Der BF hat sich erst im Juni 2013 in Österreich niedergelassen und somit seine Kindheit und Jugend in Tschechien verbracht, von einer gänzlichen Entwurzelung des BF in seinem Herkunftsstaat kann daher nicht die Rede sein, zumal er sich bis zur Ausreise bei seinen Eltern aufgehalten hat.
Bei der gemäß § 9 BFA-VG durchzuführenden Interessensabwägung war weiters zu berücksichtigen, dass das zum Zeitpunkt der Straftaten bestehende familiäre Umfeld und die Beschäftigung in Österreich ihn nicht von der Begehung der Straftaten abhalten konnten. Angesichts des besagten und in seiner Gesamtheit gravierenden Fehlverhaltens des BF ist davon auszugehen, dass das gegen ihn erlassene Aufenthaltsverbot gemäß § 9 BFA-VG zulässig ist, ist es doch zur Erreichung der im Art. 8 Abs. 2 EMRK genannten Ziele (Aufrechterhaltung der öffentlichen Ordnung und Sicherheit, Verhinderung von weiteren strafbaren Handlungen durch den BF, Schutz der Rechte Dritter) dringend geboten.

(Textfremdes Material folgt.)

text \<open>Every word of length \<open>q - 1\<close> is the prefix of some codeword: otherwise each of the
  \<open>q\<^sup>2\<close> words \<open>x @ [a, r]\<close> is covered through its own neighbour of \<open>x\<close>, but \<open>x\<close> has only
  \<open>(q - 1)\<^sup>2\<close> neighbours.\<close>
lemma check_digits_exist:
  assumes x: "x \<in> hamming_vertices (q - 1) q"
  shows "\<exists>a r. x @ [a, r] \<in> C"
proof (rule ccontr)
  assume none: "\<nexists>a r. x @ [a, r] \<in> C"
  have "\<exists>x'\<in>hamming_nbrs (q - 1) q x. x' @ [a, r] \<in> C" if "a < q" "r < q" for a r
  proof -
    have w: "x @ [a, r] \<in> hamming_vertices (Suc q) q"
      using x that two_le_q unfolding hamming_vertices_def by auto
    obtain c where c: "c \<in> C" "hamming_dist (x @ [a, r]) c \<le> 1" using code_covers[OF w] by blast
    obtain x' a' r' where c_eq: "c = x' @ [a', r']" and x': "x' \<in> hamming_vertices (q - 1) q"
      using code_split[OF c(1)] by blast
    have len: "length x = length x'" using x x' by (simp add: hamming_vertices_length)
    have "x' \<noteq> x" using none c c_eq by blast
    then have "hamming_dist x x' \<noteq> 0" using len hamming_dist_eq_0_iff by blast
    moreover have "hamming_dist x x' + hamming_dist [a, r] [a', r'] \<le> 1"
      using c c_eq len by (simp add: hamming_dist_append)
    ultimately have "hamming_dist x x' = 1" "a' = a" "r' = r" by (auto split: if_splits)
    then show ?thesis
      using x' c c_eq unfolding hamming_nbrs_def hamming_adj_def by auto
  qed
  then have "\<forall>p\<in>{..<q} \<times> {..<q}. \<exists>x'. x' \<in> hamming_nbrs (q - 1) q x \<and> x' @ [fst p, snd p] \<in> C"
    by auto
  from bchoice[OF this] obtain h
    where h: "\<forall>p\<in>{..<q} \<times> {..<q}. h p \<in> hamming_nbrs (q - 1) q x \<and> h p @ [fst p, snd p] \<in> C"
    by blast
  have "inj_on h ({..<q} \<times> {..<q})"
  proof (rule inj_onI)
    fix p p' assume "p \<in> {..<q} \<times> {..<q}" "p' \<in> {..<q} \<times> {..<q}" "h p = h p'"
    then have "h p @ [fst p, snd p] \<in> C" "h p @ [fst p', snd p'] \<in> C" using h by metis+
    then show "p = p'" using check_digits_unique by (simp add: prod_eq_iff)
  qed
  then have "card ({..<q} \<times> {..<q}) \<le> card (hamming_nbrs (q - 1) q x)"
    using h by (intro card_inj_on_le) auto
  then have "q * q \<le> (q - 1) * (q - 1)"
    using card_hamming_nbrs[OF x] by (simp add: card_cartesian_product)
  moreover have "(q - 1) * (q - 1) < q * q" using two_le_q by (intro mult_strict_mono) auto
  ultimately show False by simp
qed

definition shift_last :: "nat \<Rightarrow> nat list \<Rightarrow> nat list" where
  "shift_last p u = butlast u @ [(last u + p) mod q]"

lemma hamming_vertices_qE:
  assumes "u \<in> hamming_vertices q q"
  obtains b l where "u = b @ [l]" "b \<in> hamming_vertices (q - 1) q" "l < q"
  using hamming_vertices_Suc_split[of u "q - 1" q] assms two_le_q by auto

lemma shift_last_snoc [simp]: "shift_last p (b @ [l]) = b @ [(l + p) mod q]"
  unfolding shift_last_def by simp

lemma shift_last_in_hamming_vertices:
  "u \<in> hamming_vertices q q \<Longrightarrow> shift_last p u \<in> hamming_vertices q q"
  using two_le_q unfolding shift_last_def hamming_vertices_def by (auto dest: in_set_butlastD)

lemma hamming_dist_shift_last:
  assumes u: "u \<in> hamming_vertices q q" and u': "u' \<in> hamming_vertices q q"
  shows "hamming_dist (shift_last p u) (shift_last p u') = hamming_dist u u'"
proof -
  obtain b l b' l' where "u = b @ [l]" "b \<in> hamming_vertices (q - 1) q" "l < q"
    and "u' = b' @ [l']" "b' \<in> hamming_vertices (q - 1) q" "l' < q"
    using hamming_vertices_qE[OF u] hamming_vertices_qE[OF u'] by metis
  moreover have "(l + p) mod q = (l' + p) mod q \<longleftrightarrow> l = l'"
    using mod_add_right_inj[OF \<open>l < q\<close> \<open>l' < q\<close>] by auto
  ultimately show ?thesis
    by (simp add: hamming_dist_append hamming_dist_singleton hamming_vertices_length)
qed

lemma shift_last_inj:
  assumes "u \<in> hamming_vertices q q" "v \<in> hamming_vertices q q" "shift_last p u = shift_last p v"
  shows "u = v"
  using hamming_dist_shift_last[OF assms(1,2), of p] assms hamming_dist_eq_0_iff
  by (simp add: hamming_vertices_length)

lemma shift_last_inverse:
  assumes "t \<in> hamming_vertices q q" "p \<le> q"
  shows "shift_last p (shift_last (q - p) t) = t"
proof -
  obtain b l where "t = b @ [l]" "l < q" using hamming_vertices_qE[OF assms(1)] by metis
  moreover have "((l + (q - p)) mod q + p) mod q = l"
    using assms(2) \<open>l < q\<close> by (simp add: mod_add_left_eq)
  ultimately show ?thesis by simp
qed

definition label :: "nat list \<Rightarrow> nat \<times> nat" where
  "label u = (THE (p, r). p < q \<and> shift_last p u @ [r] \<in> C)"
(* Let $C$ be a program of the outcome-based separation logic instance and $p,q$ separation-logic assertions. Then $\vDash[p]\,C\,[\mathsf{er}:q]$ is a manifest error, i.e. for every $\sigma\in\Sigma$ there is $\tau\in[\![C]\!](\sigma)$ with $\tau\vDash(\mathsf{er}:q\ast\mathsf{true})$, if and only if $\vDash\langle\mathsf{ok}:\mathsf{true}\rangle\,C\,\langle(\mathsf{er}:q\ast\mathsf{true})\oplus\top\rangle$.
   Context: Program states are $\Sigma=\mathcal{S}\times\mathcal{H}$: stacks $s\colon\mathsf{Var}\to\mathsf{Val}$ and heaps $h$, partial functions from positive naturals to $\mathsf{Val}\cup\{\bot\}$. Execution model: sets of tagged states $2^{\Sigma+\Sigma}$, with left injection $i_L$ marking erroneous states and right injection $i_R$ marking successful ones; $\mathsf{unit}(x)=\{i_R(x)\}$, $\mathsf{bind}(S,k)=\{i_L(x): i_L(x)\in S\}\cup\bigcup_{i_R(x)\in S}k(x)$, monoid $(\cup,\emptyset)$. A program $C$ (built from $\mathbb{0},\mathbb{1},;,+,{}^\star$ and heap-manipulating atomic commands) has semantics $[\![C]\!]\colon\Sigma\to2^{\Sigma+\Sigma}$ and $[\![C]\!]^\dagger(S)=\mathsf{bind}(S,[\![C]\!])$. Separation-logic assertions $p$ are satisfied by $(s,h)\in\Sigma$; $(s,h)\vDash q\ast\mathsf{true}$ iff $h=h_1\uplus h_2$ (disjoint domains) with $(s,h_1)\vDash q$. For a tagged state: $i_R(\sigma)\vDash(\mathsf{ok}:p)$ iff $\sigma\vDash p$, never $i_L(\sigma)\vDash(\mathsf{ok}:p)$; $i_L(\sigma)\vDash(\mathsf{er}:q)$ iff $\sigma\vDash q$, never $i_R(\sigma)\vDash(\mathsf{er}:q)$. A set $S$ satisfies such an atomic assertion iff $S\neq\emptyset$ and all its elements do; $S\vDash\top$ always; $S\vDash\varphi\oplus\psi$ iff $S=S_1\cup S_2$ with $S_1\vDash\varphi$, $S_2\vDash\psi$. $\vDash\langle\varphi\rangle C\langle\psi\rangle$ iff every $S$ with $S\vDash\varphi$ has $[\![C]\!]^\dagger(S)\vDash\psi$. *)

theory Defs
  imports Main
begin

type_synonym var = string
type_synonym val = int
type_synonym stack = "var \<Rightarrow> val"
text \<open>Heaps: partial maps from addresses to values or the deallocated marker
  (None inside Some plays the role of \<bottom>).  Addresses are positive naturals,
  enforced by the well-formedness predicate below.\<close>
type_synonym heap = "nat \<rightharpoonup> val option"
type_synonym state = "stack \<times> heap"

definition States :: "state set" where
  "States = {(s, h). 0 \<notin> dom h}"

text \<open>Tagged states: Inl = erroneous (i_L), Inr = successful (i_R).\<close>
type_synonym tstate = "state + state"

definition TStates :: "tstate set" where
  "TStates = Inl ` States \<union> Inr ` States"

definition unit :: "state \<Rightarrow> tstate set" where
  "unit x = {Inr x}"

definition bind :: "tstate set \<Rightarrow> (state \<Rightarrow> tstate set) \<Rightarrow> tstate set" where
  "bind S k = {Inl x | x. Inl x \<in> S} \<union> (\<Union>x \<in> {x. Inr x \<in> S}. k x)"

type_synonym exp = "stack \<Rightarrow> val"
type_synonym bexp = "stack \<Rightarrow> bool"

datatype atom =
    Assign var exp
  | Assume bexp
  | Alloc var
  | Free exp
  | Load var exp
  | Store exp exp
  | Error

datatype cmd =
    Zero
  | One
  | Seq cmd cmd
  | Plus cmd cmd
  | Star cmd
  | Atom atom

definition addr :: "val \<Rightarrow> nat option" where
  "addr v = (if v > 0 then Some (nat v) else None)"

fun atom_sem :: "atom \<Rightarrow> state \<Rightarrow> tstate set" where
  "atom_sem (Assign x e) (s, h) = {Inr (s(x := e s), h)}"
| "atom_sem (Assume b) (s, h) = (if b s then {Inr (s, h)} else {})"
| "atom_sem (Alloc x) (s, h) =
     {Inr (s(x := int a), h(a \<mapsto> Some v)) | a v. a > 0 \<and> (h a = None \<or> h a = Some None)}"
| "atom_sem (Free e) (s, h) =
     (case addr (e s) of
        Some a \<Rightarrow> (case h a of Some (Some v) \<Rightarrow> {Inr (s, h(a \<mapsto> None))}
                            | _ \<Rightarrow> {Inl (s, h)})
      | None \<Rightarrow> {Inl (s, h)})"
| "atom_sem (Load x e) (s, h) =
     (case addr (e s) of
        Some a \<Rightarrow> (case h a of Some (Some v) \<Rightarrow> {Inr (s(x := v), h)}
                            | _ \<Rightarrow> {Inl (s, h)})
      | None \<Rightarrow> {Inl (s, h)})"
| "atom_sem (Store e1 e2) (s, h) =
     (case addr (e1 s) of
        Some a \<Rightarrow> (case h a of Some (Some v) \<Rightarrow> {Inr (s, h(a \<mapsto> Some (e2 s)))}
                            | _ \<Rightarrow> {Inl (s, h)})
      | None \<Rightarrow> {Inl (s, h)})"
| "atom_sem Error \<sigma> = {Inl \<sigma>}"

fun iter_sem :: "nat \<Rightarrow> (state \<Rightarrow> tstate set) \<Rightarrow> state \<Rightarrow> tstate set" where
  "iter_sem 0 f = unit"
| "iter_sem (Suc n) f = (\<lambda>\<sigma>. bind (f \<sigma>) (iter_sem n f))"

fun sem :: "cmd \<Rightarrow> state \<Rightarrow> tstate set" where
  "sem Zero \<sigma> = {}"
| "sem One \<sigma> = unit \<sigma>"
| "sem (Seq C1 C2) \<sigma> = bind (sem C1 \<sigma>) (sem C2)"
| "sem (Plus C1 C2) \<sigma> = sem C1 \<sigma> \<union> sem C2 \<sigma>"
| "sem (Star C) \<sigma> = (\<Union>n. iter_sem n (sem C) \<sigma>)"
| "sem (Atom a) \<sigma> = atom_sem a \<sigma>"

definition sem_dagger :: "cmd \<Rightarrow> tstate set \<Rightarrow> tstate set" where
  "sem_dagger C S = bind S (sem C)"

type_synonym assn = "state \<Rightarrow> bool"

definition sl_true :: assn where
  "sl_true = (\<lambda>_. True)"

definition sep_true :: "assn \<Rightarrow> assn" where
  "sep_true q = (\<lambda>(s, h). \<exists>h1 h2. dom h1 \<inter> dom h2 = {} \<and> h = h1 ++ h2 \<and> q (s, h1))"

datatype oassn =
    OK assn
  | ER assn
  | TopA
  | OPlus oassn oassn

definition tsat :: "tstate \<Rightarrow> oassn \<Rightarrow> bool" where
  "tsat t \<phi> = (case \<phi> of
      OK p \<Rightarrow> (case t of Inr \<sigma> \<Rightarrow> p \<sigma> | Inl _ \<Rightarrow> False)
    | ER q \<Rightarrow> (case t of Inl \<sigma> \<Rightarrow> q \<sigma> | Inr _ \<Rightarrow> False)
    | _ \<Rightarrow> False)"

fun ssat :: "tstate set \<Rightarrow> oassn \<Rightarrow> bool" where
  "ssat S (OK p) = (S \<noteq> {} \<and> (\<forall>t\<in>S. tsat t (OK p)))"
| "ssat S (ER q) = (S \<noteq> {} \<and> (\<forall>t\<in>S. tsat t (ER q)))"
| "ssat S TopA = True"
| "ssat S (OPlus \<phi> \<psi>) = (\<exists>S1 S2. S = S1 \<union> S2 \<and> ssat S1 \<phi> \<and> ssat S2 \<psi>)"

definition ovalid :: "oassn \<Rightarrow> cmd \<Rightarrow> oassn \<Rightarrow> bool" where
  "ovalid \<phi> C \<psi> = (\<forall>S. S \<subseteq> TStates \<longrightarrow> ssat S \<phi> \<longrightarrow> ssat (sem_dagger C S) \<psi>)"

definition manifest_error :: "assn \<Rightarrow> cmd \<Rightarrow> assn \<Rightarrow> bool" where
  "manifest_error p C q = (\<forall>\<sigma>\<in>States. \<exists>\<tau>\<in>sem C \<sigma>. tsat \<tau> (ER (sep_true q)))"

end

theory Submission
  imports Defs
begin

text \<open>The outcome assertion (er:r) \<oplus> \<top> holds of an outcome set exactly when one of its
  outcomes satisfies er:r, and ok:true is already satisfied by a singleton {i_R \<sigma>}.  So validity
  of the triple specialises to every single initial state, and conversely one successful state
  \<sigma> in S puts all outcomes of \<sigma> into the outcomes of S.\<close>

lemma ssat_OPlus_TopA_iff: "ssat S (OPlus \<phi> TopA) \<longleftrightarrow> (\<exists>S1 \<subseteq> S. ssat S1 \<phi>)"
  by auto

lemma ssat_OPlus_ER_TopA_iff: "ssat S (OPlus (ER r) TopA) \<longleftrightarrow> (\<exists>t\<in>S. tsat t (ER r))"
proof -
  have "ssat {t} (ER r) \<longleftrightarrow> tsat t (ER r)" for t
    by simp
  then show ?thesis
    unfolding ssat_OPlus_TopA_iff by (auto simp del: ssat.simps) auto
qed

lemma ssat_OK_true_iff: "ssat S (OK sl_true) \<longleftrightarrow> S \<noteq> {} \<and> S \<subseteq> range Inr"
proof -
  have "tsat t (OK sl_true) \<longleftrightarrow> t \<in> range Inr" for t
    by (cases t) (auto simp: tsat_def sl_true_def)
  then show ?thesis
    by auto
qed

lemma sem_dagger_Inr_singleton: "sem_dagger C {Inr \<sigma>} = sem C \<sigma>"
  by (auto simp: sem_dagger_def bind_def)

lemma sem_subset_sem_dagger: "Inr \<sigma> \<in> S \<Longrightarrow> sem C \<sigma> \<subseteq> sem_dagger C S"
  by (auto simp: sem_dagger_def bind_def)

lemma ovalid_OK_true_ER_TopA_iff:
  "ovalid (OK sl_true) C (OPlus (ER r) TopA) \<longleftrightarrow>
     (\<forall>\<sigma>\<in>States. \<exists>\<tau>\<in>sem C \<sigma>. tsat \<tau> (ER r))"
proof
  assume valid: "ovalid (OK sl_true) C (OPlus (ER r) TopA)"
  show "\<forall>\<sigma>\<in>States. \<exists>\<tau>\<in>sem C \<sigma>. tsat \<tau> (ER r)"
  proof
    fix \<sigma> assume "\<sigma> \<in> States"
    then have "{Inr \<sigma>} \<subseteq> TStates" and "ssat {Inr \<sigma>} (OK sl_true)"
      by (auto simp: TStates_def ssat_OK_true_iff simp del: ssat.simps)
    with valid have "ssat (sem C \<sigma>) (OPlus (ER r) TopA)"
      unfolding ovalid_def by (metis sem_dagger_Inr_singleton)
    then show "\<exists>\<tau>\<in>sem C \<sigma>. tsat \<tau> (ER r)"
      by (simp add: ssat_OPlus_ER_TopA_iff del: ssat.simps)
  qed
next
  assume error: "\<forall>\<sigma>\<in>States. \<exists>\<tau>\<in>sem C \<sigma>. tsat \<tau> (ER r)"
  show "ovalid (OK sl_true) C (OPlus (ER r) TopA)"
    unfolding ovalid_def
  proof (intro allI impI)
    fix S assume "S \<subseteq> TStates" and "ssat S (OK sl_true)"
    have "S \<noteq> {} \<and> S \<subseteq> range Inr"
      using \<open>ssat S (OK sl_true)\<close> unfolding ssat_OK_true_iff .
    then obtain t where "t \<in> S" and "t \<in> range Inr"
      by auto
    then obtain \<sigma> where "Inr \<sigma> \<in> S"
      by auto
    with \<open>S \<subseteq> TStates\<close> have "\<sigma> \<in> States"
      by (auto simp: TStates_def)
    with error obtain \<tau> where "\<tau> \<in> sem C \<sigma>" and "tsat \<tau> (ER r)"
      by auto
    moreover have "\<tau> \<in> sem_dagger C S"
      using sem_subset_sem_dagger[OF \<open>Inr \<sigma> \<in> S\<close>] \<open>\<tau> \<in> sem C \<sigma>\<close> by (rule subsetD)
    ultimately show "ssat (sem_dagger C S) (OPlus (ER r) TopA)"
      by (auto simp: ssat_OPlus_ER_TopA_iff simp del: ssat.simps)
  qed
qed

theorem lemma6p7:
  fixes C :: cmd and p q :: assn
  shows "manifest_error p C q \<longleftrightarrow> ovalid (OK sl_true) C (OPlus (ER (sep_true q)) TopA)"
  by (simp add: manifest_error_def ovalid_OK_true_ER_TopA_iff)

end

Die öffentlichen Interessen an der Erlassung des Aufenthaltsverbotes sind demnach höher zu gewichten als die gegenläufigen familiären und privaten Interessen des Beschwerdeführers und seiner Familie. Unter diesen Umständen ist die Erlassung des Aufenthaltsverbotes im Rahmen der Verhältnismäßigkeitsprüfung nach § 9 BFA-VG als zulässig zu werten (vgl etwa VwGH 20.08.2013, 2013/22/0097).
Die Bemessung des Aufenthaltsverbotes mit einer Dauer von 8 Jahren erscheint jedoch in Anbetracht der Tatsache, dass von § 67 Abs. 2 FPG auch kriminelle Handlungen von höherem Unrechtsgehalt erfasst sind (so strafgerichtliche Verurteilungen zu unbedingten Freiheitsstrafen von bis zu fünf Jahren) nicht geboten. Das Aufenthaltsverbot wurde daher und auch unter Berücksichtigung der ausgeprägten familiären und privaten Bindungen zum Bundesgebiet mit 4 Jahren befristet.
Zu Spruchpunkt II. des angefochtenen Bescheides:
Gemäß § 70 Abs. 3 FPG ist EWR-Bürgern, Schweizer Bürgern und begünstigten Drittstaatsangehörigen bei der Erlassung einer Ausweisung oder eines Aufenthaltsverbotes von Amts wegen ein Durchsetzungsaufschub von einem Monat zu erteilen, es sei denn, die sofortige Ausreise wäre im Interesse der öffentlichen Ordnung oder Sicherheit erforderlich.
Da sich dem gegenständlichen Sachverhalt keine Anhaltspunkte für eine der soeben zitierten Gesetzesbestimmung entgegen stehende Ansicht abgewinnen lassen, war Spruchpunkt II. des Bescheides der belangten Behörde nicht entgegenzutreten.
Zu Spruchteil B): (Unzulässigkeit der Revision):
Gemäß § 25a Abs. 1 des Verwaltungsgerichtshofgesetzes 1985 (VwGG), BGBl. Nr. 10/1985 idgF, hat das Verwaltungsgericht im Spruch seines Erkenntnisses oder Beschlusses auszusprechen, ob die Revision gemäß Art. 133 Abs. 4 B-VG zulässig ist. Der Ausspruch ist kurz zu begründen.
Die Revision gegen die gegenständliche Entscheidung ist gemäß Art. 133 Abs. 4 B-VG nicht zulässig, weil die Entscheidung nicht von der Lösung einer Rechtsfrage abhängt, der grundsätzliche Bedeutung zukommt. Weder weicht die gegenständliche Entscheidung von der bisherigen Rechtsprechung des Verwaltungsgerichtshofes ab, noch fehlt es an einer Rechtsprechung; weiters ist die vorliegende Rechtsprechung des Verwaltungsgerichtshofes auch nicht als uneinheitlich zu beurteilen. Auch liegen keine sonstigen Hinweise auf eine grundsätzliche Bedeutung der zu lösenden Rechtsfrage vor. Konkrete Rechtsfragen grundsätzlicher Bedeutung sind weder in der gegenständlichen Beschwerde vorgebracht worden noch im Verfahren vor dem Bundesverwaltungsgericht hervorgekommen.
Die oben in der rechtlichen Beurteilung angeführte Judikatur des VwGH ist zwar zu früheren Rechtslagen ergangen, sie ist jedoch nach Ansicht des erkennenden Gerichts auf die inhaltlich meist völlig gleichlautenden Bestimmungen der nunmehr geltenden Rechtslage unverändert übertragbar.